All figured holotypes and paratypes are deposited in the National type collection of invertebrate and plant fossils, Geological Survey of Canada, 601 Booth Street, Ottawa ON, Canada K1A 0E8.

Holotype: Specimen GSC127649 in Geological Survey of Canada collections, Ottawa. Figure 8.1-8.5.

Paratypes: GSC127650 to 127657 in Geological Survey of Canada collections.

Type locality: Sponge reefs in Queen Charlotte Sound and Hecate Strait, continental shelf off British Columbia (west coast of Canada). The holotype was collected at: lat. 51° 20.792'N, long. 128° 51.085'W. Station TUL99A015, Shipek grab sample, water depth 229 m, southern Queen Charlotte Sound.

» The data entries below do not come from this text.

text \<open>Counting through the basis, by the predictable degree property.\<close>
lemma card_Mmod_wqdeg_less_basis:
  assumes N: "wqdeg q k b1 \<le> N" "wqdeg q k b2 \<le> N"
  shows "card (Mmod q n g r \<inter> wqdeg_less q k N)
    = card (UNIV :: 'a set) ^ (N - wqdeg q k b1) * card (UNIV :: 'a set) ^ (N - wqdeg q k b2)"
proof -
  let ?D = "Lq_deg_less q (N - wqdeg q k b1) \<times> Lq_deg_less q (N - wqdeg q k b2)"
  have Lq: "x \<in> Lq_deg_less q t \<Longrightarrow> x \<in> Lq q" for x :: "'a poly" and t
    by (simp add: Lq_deg_less_def)
  have "Mmod q n g r \<inter> wqdeg_less q k N = (\<lambda>(a, c). vcomp a b1 + vcomp c b2) ` ?D"
  proof (intro equalityI subsetI)
    fix v assume "v \<in> Mmod q n g r \<inter> wqdeg_less q k N"
    moreover obtain a c where "a \<in> Lq q" "c \<in> Lq q" "v = vcomp a b1 + vcomp c b2"
      using Mmod_basis_comb calculation by blast
    ultimately show "v \<in> (\<lambda>(a, c). vcomp a b1 + vcomp c b2) ` ?D"
      using basis_comb_wqdeg_less_iff[OF _ _ N] by auto
  next
    fix v assume "v \<in> (\<lambda>(a, c). vcomp a b1 + vcomp c b2) ` ?D"
    then obtain a c where ac: "a \<in> Lq_deg_less q (N - wqdeg q k b1)" "c \<in> Lq_deg_less q (N - wqdeg q k b2)"
      and v: "v = vcomp a b1 + vcomp c b2"
      by auto
    show "v \<in> Mmod q n g r \<inter> wqdeg_less q k N"
      using basis_comb_wqdeg_less_iff[OF Lq Lq N] Mmod_vcomp_add[OF basis_Mmod Lq Lq] ac v by simp
  qed
  moreover have "inj_on (\<lambda>(a, c). vcomp a b1 + vcomp c b2) ?D"
  proof (rule inj_onI)
    fix x y assume "x \<in> ?D" "y \<in> ?D"
      and eq: "(\<lambda>(a, c). vcomp a b1 + vcomp c b2) x = (\<lambda>(a, c). vcomp a b1 + vcomp c b2) y"
    moreover obtain a c a' c' where "x = (a, c)" "y = (a', c')" by fastforce
    ultimately show "x = y" using basis_comb_inject[OF Lq Lq Lq Lq] by auto
  qed
  ultimately show ?thesis by (simp add: card_image card_cartesian_product card_Lq_deg_less)
qed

Type level and range: Modern seafloor.

Description: Test attached to dead siliceous sponge meshwork. Generally linear uniserial, though may form a pileup of chambers. Never biserial and never branching. Grows straight along sponge rods, but may change direction at any intersection of the meshwork. Test diameter is 60 to 120 µm, usually about 80 µm. Chambers vary from cylindrical to slightly inflated, as long as wide but with some variation. Sutures vary from nearly indistinct to clearly depressed. Initial part winds (rarely more than one whorl) around a sponge spicule or an intersection in the meshwork; may be slightly irregular or entangled. Proloculus and early chambers generally smaller (around 40 µm) than later chambers but increasing quickly in size; chamber diameter thereafter remaining approximately constant. Aperture at the tip of the last chamber, more or less flattened oval in shape. It may be located at the base of the apertural face, against the substrate or up in the apertural face. It is bordered by a thin lip of agglutinated material. Wall coarsely arenaceous relative to the diameter of the test, contributing into making the sutures indistinct. In most parts of the test except near the aperture, P. spongiphila is not floored, and the lumen lies against the substrate. It is "attached" in the sense of Hofker (1972, quoted by Gooday and Haynes 1983).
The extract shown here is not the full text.